Nos últimos dois anos assistimos, no mundo, ao desmoronar da solidez do sistema financeiro internacional. Esta degradação, iniciada nos Estados Unidos e que rapidamente se expandiu a todas as economias de mercado, exigiu aos governos o reforço da sua participação activa na economia, através do aumento do apoio às empresas privadas e do investimento público, bem como a adopção de novos mecanismos de apoio e protecção social. Ao mesmo tempo, diminuíram as receitas dos estados, em função dessa recessão económica. Dessa conjugação sucessiva resultou um desequilíbrio orçamental generalizado, que gerou necessidades de financiamento dos Estados nos mercados financeiros internacionais, endividando os países tal como está a acontecer com Portugal face ao exterior, ou como acontece com vários e outrora mais poderosos Estados europeus. Por fim, foram os próprios bancos que perderam capacidade de alavancar economias e acomodar políticas públicas expansionistas. São muitos os países envolvidos nessas condições negativas, as quais, evidentemente, também nos atingem, ainda que com intensidade felizmente inferior.

Tomam-se, por isso, em toda a parte, medidas drásticas de redução da despesa dos governos, semelhantes em quase todos os países, as quais, evidentemente, alteram paradigmas anteriores, afectam direitos e garantias, intranquilizam pessoas e lesam famílias nas suas vidas ou nas suas expectativas. O que se espera, pelo menos, em Portugal, é que essas medidas sobrecarreguem menos os que menos têm e não desprotejam os que mais precisam. Nos Açores, continuaremos a cuidar para reduzir ao mínimo tais situações negativas e a salvaguardar o modo de vida das nossas ilhas.

Confiamos muito no regresso à normalidade e ao ritmo de crescimento que estava a acontecer nos Açores antes do eclodir desta crise internacional. Entretanto, há ainda muitas empresas para salvar e muitas famílias para ajudar. Continuaremos a fazê-lo, com firmeza e discernimento, tomando também medidas que induzem a reanimação e lançando investimentos, como o estamos a fazer neste segundo trimestre, que serão certamente geradores de empregos.

Em todos os momentos teremos, contudo, que continuar a acautelar as finanças da Região, para não gerarmos incapacidades comprometedoras e de forma a salvaguardarmos os meios necessários à atenuação das dificuldades das pessoas e da economia regional. Tudo isso implica maior cuidado do que nunca na aplicação dos dinheiros públicos.
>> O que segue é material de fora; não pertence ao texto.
(* Let $S=\{x_1,\ldots,x_n\}$ be a factor-closed set of $n$ distinct positive integers, let $m\ge1$, $\boldsymbol\gamma=(\gamma_1,\ldots,\gamma_m)\in\mathbb{N}^m$, $f_1,\ldots,f_{m+1}$ arithmetic functions, and $\xi:\mathbb{N}^m\to\mathbb{C}$ an arbitrary function. Let $I=\{2,3,\ldots,m+1\}$ if $m$ is even and $I=\{1,2,\ldots,m+1\}$ if $m$ is odd. Then \[ \det_I\bigl(S^{\boldsymbol\gamma,\xi}_{f_1,\ldots,f_{m+1}}(x_{i_1},\ldots,x_{i_{m+1}})\bigr)_{1\le i_1,\ldots,i_{m+1}\le n}=\bigl(f_1(1)\cdots f_m(1)\bigr)^n\prod_{v=1}^n\xi(x_v,\ldots,x_v)\,f_{m+1}^{[\operatorname{lcm}(\gamma_1,\ldots,\gamma_m)]}(x_v). \]
   Context: A set $S$ of positive integers is factor-closed if every positive divisor of every element of $S$ lies in $S$. An arithmetic function is a map $f:\mathbb{N}\to\mathbb{C}$, with $f(x)=0$ for $x\notin\mathbb{N}$. For $\gamma\in\mathbb{N}$, $a_\gamma(n)=1$ if $n=d^\gamma$ for some $d\in\mathbb{N}$ and $0$ otherwise, and $f^{[\gamma]}(n):=a_\gamma(n)f(n)$. The weighted multiple Ramanujan sum is \[ S^{\boldsymbol\gamma,\xi}_{f_1,\ldots,f_{m+1}}(n_1,\ldots,n_{m+1}):=\sum_{\substack{(d_1,\ldots,d_m)\in\mathbb{N}^m\\ d_j^{\gamma_j}\mid\gcd(n_1,\ldots,n_{j+1})\ (1\le j\le m)}}\xi(d_1^{\gamma_1},\ldots,d_m^{\gamma_m})\,f_1\Bigl(\frac{n_1}{d_1^{\gamma_1}}\Bigr)f_2\Bigl(\frac{d_1^{\gamma_1}}{d_2^{\gamma_2}}\Bigr)\cdots f_m\Bigl(\frac{d_{m-1}^{\gamma_{m-1}}}{d_m^{\gamma_m}}\Bigr)f_{m+1}\bigl(d_m^{\gamma_m}\bigr). \] For a $K$-dimensional matrix $A$ of order $n$ and $J\subseteq\{1,\ldots,K\}$, with $\eta_j=1$ if $j\in J$ and $0$ otherwise, the hyperdeterminant is $\det_JA:=\frac{1}{n!}\sum_{\sigma_1,\ldots,\sigma_K\in\mathfrak{S}_n}\prod_{j=1}^K\mathrm{sgn}(\sigma_j)^{\eta_j}\prod_{v=1}^nA(\sigma_1(v),\ldots,\sigma_K(v))$, $\mathfrak{S}_n$ the symmetric group on $\{1,\ldots,n\}$. *)

theory Defs
  imports Complex_Main "HOL-Combinatorics.Permutations"
begin

definition factor_closed :: "nat set \<Rightarrow> bool" where
  "factor_closed S \<longleftrightarrow> (\<forall>s\<in>S. \<forall>d. 0 < d \<and> d dvd s \<longrightarrow> d \<in> S)"

text \<open>Evaluation of an arithmetic function at the rational a/b, with the
  convention f(x) = 0 when x is not a positive integer.\<close>
definition arith_at :: "(nat \<Rightarrow> complex) \<Rightarrow> nat \<Rightarrow> nat \<Rightarrow> complex" where
  "arith_at f a b = (if b \<noteq> 0 \<and> a \<noteq> 0 \<and> b dvd a then f (a div b) else 0)"

definition a_pow :: "nat \<Rightarrow> nat \<Rightarrow> complex" where
  "a_pow g k = (if \<exists>d. 0 < d \<and> k = d ^ g then 1 else 0)"

definition restr_pow :: "nat \<Rightarrow> (nat \<Rightarrow> complex) \<Rightarrow> nat \<Rightarrow> complex" where
  "restr_pow g f k = a_pow g k * f k"

text \<open>Indices: gamma j for j = 1..m,
  f j for j = 1..m+1, arguments ns i for i = 1..m+1; the tuple (d_1,...,d_m)
  is a function on {1..m}; xi takes the list [d_1^gamma_1, ..., d_m^gamma_m].\<close>
definition wmrs :: "nat \<Rightarrow> (nat \<Rightarrow> nat) \<Rightarrow> (nat list \<Rightarrow> complex) \<Rightarrow>
    (nat \<Rightarrow> nat \<Rightarrow> complex) \<Rightarrow> (nat \<Rightarrow> nat) \<Rightarrow> complex" where
  "wmrs m \<gamma> \<xi> f ns =
    (\<Sum>d \<in> {d \<in> {1..m} \<rightarrow>\<^sub>E UNIV. \<forall>j\<in>{1..m}. 0 < d j \<and> d j ^ \<gamma> j dvd Gcd (ns ` {1..j+1})}.
        \<xi> (map (\<lambda>j. d j ^ \<gamma> j) [1..<m+1])
        * arith_at (f 1) (ns 1) (d 1 ^ \<gamma> 1)
        * (\<Prod>j\<in>{2..m}. arith_at (f j) (d (j-1) ^ \<gamma> (j-1)) (d j ^ \<gamma> j))
        * f (m+1) (d m ^ \<gamma> m))"

text \<open>Hyperdeterminant det_J of a K-dimensional matrix A of order n
  (A takes an index tuple i_1..i_K as a function on {1..K}).\<close>
definition hyperdet :: "nat \<Rightarrow> nat \<Rightarrow> nat set \<Rightarrow> ((nat \<Rightarrow> nat) \<Rightarrow> complex) \<Rightarrow> complex" where
  "hyperdet K n J A = (1 / of_nat (fact n)) *
     (\<Sum>\<sigma> \<in> {1..K} \<rightarrow>\<^sub>E {p. p permutes {1..n}}.
        (\<Prod>j\<in>{1..K}. if j \<in> J then of_int (sign (\<sigma> j)) else 1) *
        (\<Prod>v\<in>{1..n}. A (\<lambda>j. \<sigma> j v)))"

end

theory Submission
  imports Defs "HOL-Computational_Algebra.Nth_Powers"
begin

text \<open>
  Because the set is factor-closed, every d_j^gamma_j occurring in the Ramanujan sum is one of the
  x_k. Hence the tensor factors as A(i) = sum_k Phi(i_1; k) * prod_{j>=2} [x_{k_j} dvd x_{i_j}],
  where k runs over tuples of indices and Phi(a; k) is nonzero only if every x_{k_j} divides x_a.
  Expanding the hyperdeterminant multilinearly, the signed sum over each sigma_j with j >= 2 is the
  determinant of the divisibility matrix with columns rearranged by k_j: it vanishes unless k_j is
  a permutation, and then equals sign k_j, the divisibility matrix being unitriangular for the order
  by size. Comparing total sizes, the support condition on Phi then forces k_j = sigma_1 for all j;
  as I has even cardinality the signs cancel, leaving n! * prod_v Phi(v; v, ..., v). Finally
  Phi(v; v, ..., v) is nonzero only if x_v is a gamma_j-th power for every j, that is, an
  lcm(gamma)-th power.
\<close>

section \<open>Permutations and determinants\<close>

lemma bij_betw_eq_if_weight_le:
  fixes w :: "'a \<Rightarrow> 'b::ordered_cancel_comm_monoid_add"
  assumes "finite A" "inj_on w A" "bij_betw \<sigma> A A" "bij_betw \<tau> A A"
    and "\<And>v. v \<in> A \<Longrightarrow> w (\<sigma> v) \<le> w (\<tau> v)" and "v \<in> A"
  shows "\<sigma> v = \<tau> v"
proof -
  have "(\<Sum>v\<in>A. w (\<sigma> v)) = (\<Sum>v\<in>A. w (\<tau> v))"
    using sum.reindex_bij_betw[OF assms(3), of w] sum.reindex_bij_betw[OF assms(4), of w] by simp
  then have "w (\<sigma> v) = w (\<tau> v)"
    using sum_mono_inv[where f = "\<lambda>v. w (\<sigma> v)" and g = "\<lambda>v. w (\<tau> v)"] assms(1,5,6)
    by blast
  then show ?thesis
    using assms(2,3,4,6) by (meson bij_betwE inj_onD)
qed

lemma permutes_eqI:
  assumes "p permutes A" "q permutes A" "\<And>v. v \<in> A \<Longrightarrow> p v = q v"
  shows "p = q"
proof
  fix v
  show "p v = q v"
    using assms by (cases "v \<in> A") (simp_all add: permutes_not_in)
qed

lemma permutes_eq_if_weight_le:
  fixes w :: "'a \<Rightarrow> 'b::ordered_cancel_comm_monoid_add"
  assumes "finite A" "inj_on w A" "p permutes A" "q permutes A"
    and "\<And>v. v \<in> A \<Longrightarrow> w (p v) \<le> w (q v)"
  shows "p = q"
  using bij_betw_eq_if_weight_le[OF assms(1,2) permutes_imp_bij[OF assms(3)]
      permutes_imp_bij[OF assms(4)] assms(5)]
  by (intro permutes_eqI[OF assms(3,4)])

definition leibniz_det :: "'a set \<Rightarrow> ('a \<Rightarrow> 'a \<Rightarrow> 'b::comm_ring_1) \<Rightarrow> 'b" where
  "leibniz_det N M = (\<Sum>\<pi> | \<pi> permutes N. of_int (sign \<pi>) * (\<Prod>v\<in>N. M (\<pi> v) v))"

lemma leibniz_det_cong:
  assumes "\<And>a b. a \<in> N \<Longrightarrow> b \<in> N \<Longrightarrow> M a b = M' a b"
  shows "leibniz_det N M = leibniz_det N M'"
  unfolding leibniz_det_def
  using assms by (intro sum.cong refl arg_cong2[where f = "(*)"] prod.cong)
    (auto simp: permutes_in_image)

lemma leibniz_det_eq_0_if_cols_eq:
  fixes M :: "'a \<Rightarrow> 'a \<Rightarrow> 'b::{idom, ring_char_0}"
  assumes "finite N" "u \<in> N" "u' \<in> N" "u \<noteq> u'" "\<And>a. M a u = M a u'"
  shows "leibniz_det N M = 0"
proof -
  define t where "t = Transposition.transpose u u'"
  define g where "g \<pi> = of_int (sign \<pi>) * (\<Prod>v\<in>N. M (\<pi> v) v)" for \<pi>
  have t: "t permutes N" "t \<circ> t = id"
    using assms(2,3) by (simp_all add: t_def permutes_swap_id)
  have "leibniz_det N M = (\<Sum>\<pi> | \<pi> permutes N. g (\<pi> \<circ> t))"
    unfolding leibniz_det_def g_def[symmetric]
    by (rule sum.reindex_bij_witness[of _ "\<lambda>\<pi>. \<pi> \<circ> t" "\<lambda>\<pi>. \<pi> \<circ> t"])
      (auto simp: comp_assoc t(2) permutes_compose[OF t(1)])
  also have "\<dots> = (\<Sum>\<pi> | \<pi> permutes N. - g \<pi>)"
  proof (rule sum.cong[OF refl])
    fix \<pi> assume "\<pi> \<in> {\<pi>. \<pi> permutes N}"
    then have \<pi>: "\<pi> permutes N" by simp
    have "sign (\<pi> \<circ> t) = - sign \<pi>"
      using assms(1,4) by (simp add: sign_compose permutes_imp_permutation[OF _ \<pi>]
          permutation_swap_id t_def sign_swap_id)
    moreover have "(\<Prod>v\<in>N. M (\<pi> (t v)) v) = (\<Prod>v\<in>N. M (\<pi> v) (t v))"
      using prod.permute[OF t(1), of "\<lambda>v. M (\<pi> (t v)) v"] pointfree_idE[OF t(2)]
      by (simp add: comp_def)
    moreover have "M a (t v) = M a v" for a v
      using assms(5) by (simp add: t_def transpose_def)
    ultimately show "g (\<pi> \<circ> t) = - g \<pi>"
      by (simp add: g_def)
  qed
  also have "\<dots> = - leibniz_det N M"
    by (simp only: sum_negf leibniz_det_def g_def)
  finally have "leibniz_det N M + leibniz_det N M = 0"
    by (metis add.right_inverse)
  then show ?thesis
    by (simp flip: mult_2)
qed

lemma leibniz_det_permuted_triangular:
  fixes M :: "'a \<Rightarrow> 'a \<Rightarrow> 'b::comm_ring_1" and w :: "'a \<Rightarrow> 'c::ordered_cancel_comm_monoid_add"
  assumes "finite N" "inj_on w N" "p permutes N"
    and diag: "\<And>a. a \<in> N \<Longrightarrow> M a a = 1"
    and lower: "\<And>a b. a \<in> N \<Longrightarrow> b \<in> N \<Longrightarrow> M a b \<noteq> 0 \<Longrightarrow> w b \<le> w a"
  shows "leibniz_det N (\<lambda>a b. M a (p b)) = of_int (sign p)"
proof -
  define g where "g \<pi> = of_int (sign \<pi>) * (\<Prod>v\<in>N. M (\<pi> v) (p v))" for \<pi>
  have off_diagonal: "g \<pi> = 0" if "\<pi> permutes N" "\<pi> \<noteq> p" for \<pi>
  proof (rule ccontr)
    assume "g \<pi> \<noteq> 0"
    then have "(\<Prod>v\<in>N. M (\<pi> v) (p v)) \<noteq> 0"
      by (auto simp: g_def)
    then have "M (\<pi> v) (p v) \<noteq> 0" if "v \<in> N" for v
      using that prod_zero[OF assms(1), of "\<lambda>v. M (\<pi> v) (p v)"] by auto
    then have "w (p v) \<le> w (\<pi> v)" if "v \<in> N" for v
      using that lower permutes_in_image[OF assms(3)] permutes_in_image[OF \<open>\<pi> permutes N\<close>]
      by blast
    then have "p = \<pi>"
      using permutes_eq_if_weight_le[OF assms(1,2,3) \<open>\<pi> permutes N\<close>] by blast
    with \<open>\<pi> \<noteq> p\<close> show False by simp
  qed
  have "leibniz_det N (\<lambda>a b. M a (p b)) = (\<Sum>\<pi>\<in>{p}. g \<pi>)"
    unfolding leibniz_det_def g_def[symmetric]
    by (rule sum.mono_neutral_right) (use off_diagonal assms(1,3) finite_permutations in auto)
  also have "\<dots> = of_int (sign p)"
    using diag permutes_in_image[OF assms(3)] by (simp add: g_def)
  finally show ?thesis .
qed

section \<open>Hyperdeterminants of triangularly factored tensors\<close>

lemma hyperdet_cong:
  assumes "\<And>i. (\<And>j. j \<in> {1..K} \<Longrightarrow> i j \<in> {1..n}) \<Longrightarrow> A i = B i"
  shows "hyperdet K n J A = hyperdet K n J B"
proof -
  have "(\<Prod>v=1..n. A (\<lambda>j. \<sigma> j v)) = (\<Prod>v=1..n. B (\<lambda>j. \<sigma> j v))"
    if "\<sigma> \<in> {1..K} \<rightarrow>\<^sub>E {p. p permutes {1..n}}" for \<sigma>
    using that by (intro prod.cong refl assms) (metis PiE_mem mem_Collect_eq permutes_in_image)
  then show ?thesis
    unfolding hyperdet_def by (auto intro!: sum.cong)
qed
É assim que prosseguiremos, não deixando, no entanto, de, ouvindo quem protesta, bem como quem propõe, melhorar continuamente o rumo que estamos a seguir.

Sabemos que necessitamos de ser mais competitivos e que isso acarreta maior qualidade na detecção das prioridades de aplicação dos recursos públicos, uma maior rapidez na superação das nossas limitações e desvantagens, um maior aproveitamento das nossas potencialidades endógenas, uma maior qualificação da nossa produção, uma maior exigência na produtividade dos apoios atribuídos, uma melhor eficiência das nossas redes de infra-estruturas e uma maior dinâmica na captação de novos mercados externos e na exploração discernida dos seus circuitos de distribuição. Sabemos que as famílias e as pessoas terão que corresponder melhor aos apoios sociais de que são beneficiárias, ganhando autonomia e comprometimento.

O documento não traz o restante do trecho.